▶ [GOAL OF THE EXERCISE] Once you find the line containing "Context: Let $\mathsf", please retype it and every line after it to the end of the entries, exactly and with nothing added.

▶ [SOURCE INFORMATION]
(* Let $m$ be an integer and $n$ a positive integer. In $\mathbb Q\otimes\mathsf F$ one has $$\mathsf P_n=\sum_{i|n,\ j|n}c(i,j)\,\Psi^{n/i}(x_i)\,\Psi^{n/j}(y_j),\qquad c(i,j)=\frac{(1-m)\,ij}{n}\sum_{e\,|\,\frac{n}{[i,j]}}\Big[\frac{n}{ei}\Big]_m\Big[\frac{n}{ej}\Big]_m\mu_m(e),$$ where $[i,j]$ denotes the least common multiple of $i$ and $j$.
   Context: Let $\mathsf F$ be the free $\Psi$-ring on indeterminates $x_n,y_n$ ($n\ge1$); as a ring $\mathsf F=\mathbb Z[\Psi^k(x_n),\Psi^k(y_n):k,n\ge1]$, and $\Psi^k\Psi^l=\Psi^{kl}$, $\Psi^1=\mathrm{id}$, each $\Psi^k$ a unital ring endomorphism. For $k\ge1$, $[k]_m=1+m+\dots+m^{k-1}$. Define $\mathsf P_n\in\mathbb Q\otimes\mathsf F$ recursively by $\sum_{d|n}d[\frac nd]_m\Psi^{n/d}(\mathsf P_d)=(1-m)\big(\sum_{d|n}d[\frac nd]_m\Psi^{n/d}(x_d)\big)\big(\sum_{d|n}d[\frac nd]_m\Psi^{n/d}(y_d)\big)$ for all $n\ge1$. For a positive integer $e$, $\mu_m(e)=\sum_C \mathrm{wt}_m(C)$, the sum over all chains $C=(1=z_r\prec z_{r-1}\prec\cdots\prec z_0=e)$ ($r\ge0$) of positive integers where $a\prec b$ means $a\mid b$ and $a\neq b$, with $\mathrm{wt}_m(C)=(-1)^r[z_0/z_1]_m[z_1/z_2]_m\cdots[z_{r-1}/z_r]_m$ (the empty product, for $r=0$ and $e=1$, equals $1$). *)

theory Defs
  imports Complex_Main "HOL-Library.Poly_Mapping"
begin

▶ [TASK ANSWER]
   Context: Let $\mathsf F$ be the free $\Psi$-ring on indeterminates $x_n,y_n$ ($n\ge1$); as a ring $\mathsf F=\mathbb Z[\Psi^k(x_n),\Psi^k(y_n):k,n\ge1]$, and $\Psi^k\Psi^l=\Psi^{kl}$, $\Psi^1=\mathrm{id}$, each $\Psi^k$ a unital ring endomorphism. For $k\ge1$, $[k]_m=1+m+\dots+m^{k-1}$. Define $\mathsf P_n\in\mathbb Q\otimes\mathsf F$ recursively by $\sum_{d|n}d[\frac nd]_m\Psi^{n/d}(\mathsf P_d)=(1-m)\big(\sum_{d|n}d[\frac nd]_m\Psi^{n/d}(x_d)\big)\big(\sum_{d|n}d[\frac nd]_m\Psi^{n/d}(y_d)\big)$ for all $n\ge1$. For a positive integer $e$, $\mu_m(e)=\sum_C \mathrm{wt}_m(C)$, the sum over all chains $C=(1=z_r\prec z_{r-1}\prec\cdots\prec z_0=e)$ ($r\ge0$) of positive integers where $a\prec b$ means $a\mid b$ and $a\neq b$, with $\mathrm{wt}_m(C)=(-1)^r[z_0/z_1]_m[z_1/z_2]_m\cdots[z_{r-1}/z_r]_m$ (the empty product, for $r=0$ and $e=1$, equals $1$). *)

theory Defs
  imports Complex_Main "HOL-Library.Poly_Mapping"
begin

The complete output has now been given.